__RECORDS TO USE__:
(* Let $\Omega_{Q_3}$ be the infinite cubic lattice graph, i.e. the graph with vertex set $\mathbb{Z}^3$ in which two vertices are adjacent iff they differ by $1$ in exactly one coordinate and agree in the others. Then $12 \leq \chi_{td}(\Omega_{Q_3}) \leq 13$.
   Context: For a (possibly infinite) simple graph $G$ and a positive integer $k$, a proper $k$-total difference labeling of $G$ is a function $f: V(G)\to\{1,\dots,k\}$, extended to edges by $f(\{u,v\}) = |f(u)-f(v)|$, such that: (i) adjacent vertices receive different labels; (ii) two distinct edges sharing a vertex receive different labels; (iii) no edge receives the same label as either of its endpoints. $\chi_{td}(G)$ denotes the smallest $k$ for which $G$ has a proper $k$-total difference labeling. *)

theory Defs
  imports Main
begin

text \<open>A simple graph is given by a symmetric irreflexive adjacency relation on a type of vertices.
  Labels are integers in the range 1..k; the label of edge {u,v} is the absolute difference.\<close>

definition proper_total_diff_labeling :: "('a \<Rightarrow> 'a \<Rightarrow> bool) \<Rightarrow> nat \<Rightarrow> ('a \<Rightarrow> int) \<Rightarrow> bool" where
  "proper_total_diff_labeling adj k f \<longleftrightarrow>
     (\<forall>v. 1 \<le> f v \<and> f v \<le> int k) \<and>
     (\<forall>u v. adj u v \<longrightarrow> f u \<noteq> f v) \<and>
     (\<forall>u v w. adj u v \<and> adj u w \<and> v \<noteq> w \<longrightarrow> \<bar>f u - f v\<bar> \<noteq> \<bar>f u - f w\<bar>) \<and>
     (\<forall>u v. adj u v \<longrightarrow> \<bar>f u - f v\<bar> \<noteq> f u \<and> \<bar>f u - f v\<bar> \<noteq> f v)"

definition chi_td :: "('a \<Rightarrow> 'a \<Rightarrow> bool) \<Rightarrow> nat" where
  "chi_td adj = (LEAST k. 0 < k \<and> (\<exists>f. proper_total_diff_labeling adj k f))"

definition cubic_lattice_adj :: "int \<times> int \<times> int \<Rightarrow> int \<times> int \<times> int \<Rightarrow> bool" where
  "cubic_lattice_adj p q \<longleftrightarrow>
     (case p of (a, b, c) \<Rightarrow> case q of (x, y, z) \<Rightarrow>
        (\<bar>a - x\<bar> = 1 \<and> b = y \<and> c = z) \<or>
        (a = x \<and> \<bar>b - y\<bar> = 1 \<and> c = z) \<or>
        (a = x \<and> b = y \<and> \<bar>c - z\<bar> = 1))"

end

theory Submission
  imports Defs
begin

text \<open>Lower bound: a vertex labelled c has six neighbours, whose edge labels are six distinct
  numbers \<bar>c - v\<bar> with v a label in use, v \<noteq> c, and neither of c, v twice the other. Starting from
  the labels 1..11, repeatedly discarding the labels that admit fewer than six such differences
  discards all of them.

  Upper bound: the map (x, y, z) \<mapsto> (x + 2y + 3z) mod 7 sends the six neighbours of a vertex
  to the six residues other than its own, so it pulls back any proper total difference labeling
  of the complete graph K7, for instance the one with labels 1, 3, 4, 9, 10, 12, 13.\<close>

lemma proper_total_diff_labeling_range:
  "proper_total_diff_labeling adj k f \<Longrightarrow> range f \<subseteq> {1..int k}"
  by (auto simp: proper_total_diff_labeling_def)

lemma chi_td_le:
  assumes "proper_total_diff_labeling adj k f" and "0 < k"
  shows "chi_td adj \<le> k"
  unfolding chi_td_def using assms by (intro Least_le) blast

lemma le_chi_td:
  assumes "proper_total_diff_labeling adj k f" and "0 < k"
    and "\<And>k f. proper_total_diff_labeling adj k f \<Longrightarrow> m \<le> k"
  shows "m \<le> chi_td adj"
  unfolding chi_td_def
proof (rule LeastI2_wellorder_ex)
  show "\<exists>k. 0 < k \<and> (\<exists>f. proper_total_diff_labeling adj k f)"
    using assms(1,2) by blast
qed (use assms(3) in blast)

definition admissible_diffs :: "int set \<Rightarrow> int \<Rightarrow> int set" where
  "admissible_diffs S c = (\<lambda>v. \<bar>c - v\<bar>) ` {v \<in> S. v \<noteq> c \<and> v \<noteq> 2 * c \<and> c \<noteq> 2 * v}"

lemma admissible_diffs_empty [simp]: "admissible_diffs {} c = {}"
  by (simp add: admissible_diffs_def)

lemma admissible_diffs_insert [simp]:
  "admissible_diffs (insert v S) c =
     (if v \<noteq> c \<and> v \<noteq> 2 * c \<and> c \<noteq> 2 * v then insert \<bar>c - v\<bar> (admissible_diffs S c)
      else admissible_diffs S c)"
  by (auto simp: admissible_diffs_def)

lemma card_neighbours_le_card_admissible_diffs:
  assumes f: "proper_total_diff_labeling adj k f" and "range f \<subseteq> S" and "finite S"
    and N: "N \<subseteq> Collect (adj u)"
  shows "card N \<le> card (admissible_diffs S (f u))"
proof -
  let ?edge_label = "\<lambda>v. \<bar>f u - f v\<bar>"
  have "inj_on ?edge_label N"
    using f N unfolding inj_on_def proper_total_diff_labeling_def by blast
  then have "card N = card (?edge_label ` N)"
    by (simp add: card_image)
  also have "\<dots> \<le> card (admissible_diffs S (f u))"
  proof (rule card_mono)
    show "finite (admissible_diffs S (f u))"
      using \<open>finite S\<close> by (simp add: admissible_diffs_def)
    show "?edge_label ` N \<subseteq> admissible_diffs S (f u)"
    proof
      fix d assume "d \<in> ?edge_label ` N"
      then obtain v where v: "adj u v" "d = \<bar>f u - f v\<bar>"
        using N by blast
      have "f v \<noteq> f u" "\<bar>f u - f v\<bar> \<noteq> f u" "\<bar>f u - f v\<bar> \<noteq> f v" "1 \<le> f u" "1 \<le> f v"
        using f \<open>adj u v\<close> unfolding proper_total_diff_labeling_def by metis+
      then have "f v \<noteq> 2 * f u" "f u \<noteq> 2 * f v"
        by auto
      then show "d \<in> admissible_diffs S (f u)"
        unfolding admissible_diffs_def using v \<open>f v \<noteq> f u\<close> \<open>range f \<subseteq> S\<close> by blast
    qed
  qed
  finally show ?thesis .
qed

definition lattice_neighbours :: "int \<times> int \<times> int \<Rightarrow> (int \<times> int \<times> int) set" where
  "lattice_neighbours =
     (\<lambda>(a, b, c). {(a + 1, b, c), (a - 1, b, c), (a, b + 1, c), (a, b - 1, c),
                   (a, b, c + 1), (a, b, c - 1)})"

lemma cubic_lattice_adj_iff: "cubic_lattice_adj p q \<longleftrightarrow> q \<in> lattice_neighbours p"
  by (cases p; cases q) (auto simp: cubic_lattice_adj_def lattice_neighbours_def abs_eq_iff)

lemma card_lattice_neighbours: "card (lattice_neighbours p) = 6"
  by (cases p) (simp add: lattice_neighbours_def)

lemma lattice_labeling_discard_labels:
  assumes f: "proper_total_diff_labeling cubic_lattice_adj k f" and "range f \<subseteq> S" and "finite S"
    and "\<forall>c\<in>C. card (admissible_diffs S c) < 6"
  shows "range f \<subseteq> S - C"
proof
  fix l assume "l \<in> range f"
  then obtain p where "l = f p"
    by blast
  have "lattice_neighbours p \<subseteq> Collect (cubic_lattice_adj p)"
    by (auto simp: cubic_lattice_adj_iff)
  from card_neighbours_le_card_admissible_diffs[OF f \<open>range f \<subseteq> S\<close> \<open>finite S\<close> this]
  have "6 \<le> card (admissible_diffs S l)"
    by (simp add: card_lattice_neighbours \<open>l = f p\<close>)
  then show "l \<in> S - C"
    using \<open>l \<in> range f\<close> \<open>range f \<subseteq> S\<close> assms(4) by force
qed

lemma no_lattice_labeling_below_12:
  assumes f: "proper_total_diff_labeling cubic_lattice_adj k f"
  shows "12 \<le> k"
proof (rule ccontr)
  assume "\<not> 12 \<le> k"
  then have "{1..int k} \<subseteq> {1..11}"
    by simp
  with proper_total_diff_labeling_range[OF f] have "range f \<subseteq> {1..11}"
    by (rule order_trans)
  also have "{1..11} = {1, 2, 3, 4, 5, 6, 7, 8, 9, 10, 11 :: int}"
    by (auto; presburger)
  finally have "range f \<subseteq> {1, 2, 3, 4, 5, 6, 7, 8, 9, 10, 11}" .
  note discard = lattice_labeling_discard_labels[OF f this]
  have "range f \<subseteq> {1, 2, 3, 4, 7, 8, 9, 10, 11}"
    using discard[of "{5, 6}"] by (simp add: card_insert_if insert_Diff_if)
  note discard = lattice_labeling_discard_labels[OF f this]
  have "range f \<subseteq> {1, 2, 3, 7, 8, 9, 10, 11}"
    using discard[of "{4}"] by (simp add: card_insert_if insert_Diff_if)
  note discard = lattice_labeling_discard_labels[OF f this]
  have "range f \<subseteq> {1, 2, 3, 7, 8, 10, 11}"
    using discard[of "{9}"] by (simp add: card_insert_if insert_Diff_if)
  note discard = lattice_labeling_discard_labels[OF f this]
  have "range f \<subseteq> {3, 8, 10, 11}"
    using discard[of "{1, 2, 7}"] by (simp add: card_insert_if insert_Diff_if)
  note discard = lattice_labeling_discard_labels[OF f this]
  have "range f \<subseteq> {}"
    using discard[of "{3, 8, 10, 11}"] by (simp add: card_insert_if insert_Diff_if)
  then show False
    by blast
qed

definition complete_adj :: "'a set \<Rightarrow> 'a \<Rightarrow> 'a \<Rightarrow> bool" where
  "complete_adj V u v \<longleftrightarrow> u \<in> V \<and> v \<in> V \<and> u \<noteq> v"

lemma proper_total_diff_labeling_comp:
  assumes g: "proper_total_diff_labeling adj' k g"
    and hom: "\<And>u v. adj u v \<Longrightarrow> adj' (h u) (h v)"
    and local_inj: "\<And>u v w. adj u v \<Longrightarrow> adj u w \<Longrightarrow> v \<noteq> w \<Longrightarrow> h v \<noteq> h w"
  shows "proper_total_diff_labeling adj k (g \<circ> h)"
  using g unfolding proper_total_diff_labeling_def comp_def
  by (meson hom local_inj)

lemma proper_total_diff_labeling_complete_adj_iff:
  "proper_total_diff_labeling (complete_adj V) k f \<longleftrightarrow>
     (\<forall>v. 1 \<le> f v \<and> f v \<le> int k) \<and>
     (\<forall>u\<in>V. \<forall>v\<in>V. u \<noteq> v \<longrightarrow>
        f u \<noteq> f v \<and> \<bar>f u - f v\<bar> \<noteq> f u \<and> \<bar>f u - f v\<bar> \<noteq> f v \<and>
        (\<forall>w\<in>V. w \<noteq> u \<and> w \<noteq> v \<longrightarrow> \<bar>f u - f v\<bar> \<noteq> \<bar>f u - f w\<bar>))"
  unfolding proper_total_diff_labeling_def complete_adj_def
  by (intro arg_cong2[where f="(\<and>)"] refl) fastforce

definition residue_labels :: "int \<Rightarrow> int" where
  "residue_labels r = [1, 3, 4, 9, 10, 12, 13] ! nat (r mod 7)"

lemma residue_labels_range: "residue_labels r \<in> {1..13}"
proof -
  have "residue_labels r \<in> set [1, 3, 4, 9, 10, 12, 13]"
    unfolding residue_labels_def by (rule nth_mem) (simp add: nat_less_iff)
  moreover have "set [1, 3, 4, 9, 10, 12, 13] \<subseteq> {1..13 :: int}"
    by auto
  ultimately show ?thesis
    by blast
qed

lemma proper_total_diff_labeling_residue_labels:
  "proper_total_diff_labeling (complete_adj {0..<7}) 13 residue_labels"
proof -
  have "{0..<7 :: int} = {0, 1, 2, 3, 4, 5, 6}"
    by auto
  moreover have "residue_labels 0 = 1" "residue_labels 1 = 3" "residue_labels 2 = 4"
    "residue_labels 3 = 9" "residue_labels 4 = 10" "residue_labels 5 = 12" "residue_labels 6 = 13"
    by (simp_all add: residue_labels_def)
  ultimately show ?thesis
    using residue_labels_range unfolding proper_total_diff_labeling_complete_adj_iff by simp
qed

definition lattice_weight :: "int \<times> int \<times> int \<Rightarrow> int" where
  "lattice_weight = (\<lambda>(x, y, z). x + 2 * y + 3 * z)"

lemma lattice_weight_neighbour:
  "q \<in> lattice_neighbours p \<Longrightarrow> lattice_weight q - lattice_weight p \<in> {-3, -2, -1, 1, 2, 3}"
  by (cases p) (auto simp: lattice_neighbours_def lattice_weight_def)

lemma lattice_weight_inj_on_neighbours: "inj_on lattice_weight (lattice_neighbours p)"
  by (cases p) (auto simp: inj_on_def lattice_neighbours_def lattice_weight_def)

lemma mod_eq_imp_eq_int:
  fixes a b m :: int
  assumes "a mod m = b mod m" and "\<bar>a - b\<bar> < m"
  shows "a = b"
proof (rule ccontr)
  assume "a \<noteq> b"
  moreover have "m dvd a - b"
    using assms(1) by (simp add: mod_eq_dvd_iff)
  ultimately have "\<bar>m\<bar> \<le> \<bar>a - b\<bar>"
    by (intro dvd_imp_le_int) auto
  with assms(2) show False
    by simp
qed

lemma proper_total_diff_labeling_cubic_lattice_13:
  "proper_total_diff_labeling cubic_lattice_adj 13 (residue_labels \<circ> (\<lambda>p. lattice_weight p mod 7))"
proof (rule proper_total_diff_labeling_comp[OF proper_total_diff_labeling_residue_labels])
  fix p q assume "cubic_lattice_adj p q"
  then have "lattice_weight q - lattice_weight p \<in> {-3, -2, -1, 1, 2, 3}"
    unfolding cubic_lattice_adj_iff by (rule lattice_weight_neighbour)
  then have "lattice_weight p \<noteq> lattice_weight q" "\<bar>lattice_weight p - lattice_weight q\<bar> < 7"
    by auto
  then have "lattice_weight p mod 7 \<noteq> lattice_weight q mod 7"
    using mod_eq_imp_eq_int by blast
  then show "complete_adj {0..<7} (lattice_weight p mod 7) (lattice_weight q mod 7)"
    by (simp add: complete_adj_def)
next
  fix p q q' assume "cubic_lattice_adj p q" "cubic_lattice_adj p q'" "q \<noteq> q'"
  then have "q \<in> lattice_neighbours p" "q' \<in> lattice_neighbours p"
    by (simp_all add: cubic_lattice_adj_iff)
  then have "lattice_weight q \<noteq> lattice_weight q'"
    using \<open>q \<noteq> q'\<close> inj_onD[OF lattice_weight_inj_on_neighbours] by blast
  moreover have "\<bar>lattice_weight q - lattice_weight q'\<bar> < 7"
    using lattice_weight_neighbour[OF \<open>q \<in> lattice_neighbours p\<close>]
      lattice_weight_neighbour[OF \<open>q' \<in> lattice_neighbours p\<close>] by auto
  ultimately show "lattice_weight q mod 7 \<noteq> lattice_weight q' mod 7"
    using mod_eq_imp_eq_int by blast
qed

theorem mainTheorem5:
  shows "12 \<le> chi_td cubic_lattice_adj \<and> chi_td cubic_lattice_adj \<le> 13"
proof
  show "12 \<le> chi_td cubic_lattice_adj"
    by (rule le_chi_td[OF proper_total_diff_labeling_cubic_lattice_13 _ no_lattice_labeling_below_12])
      simp
  show "chi_td cubic_lattice_adj \<le> 13"
    by (rule chi_td_le[OF proper_total_diff_labeling_cubic_lattice_13]) simp
qed

end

__PROBLEM__:
A complete answer lists each line of the data that holds the word "from".

__ANSWER FOR THE TASK__:
  numbers \<bar>c - v\<bar> with v a label in use, v \<noteq> c, and neither of c, v twice the other. Starting from
  from card_neighbours_le_card_admissible_diffs[OF f \<open>range f \<subseteq> S\<close> \<open>finite S\<close> this]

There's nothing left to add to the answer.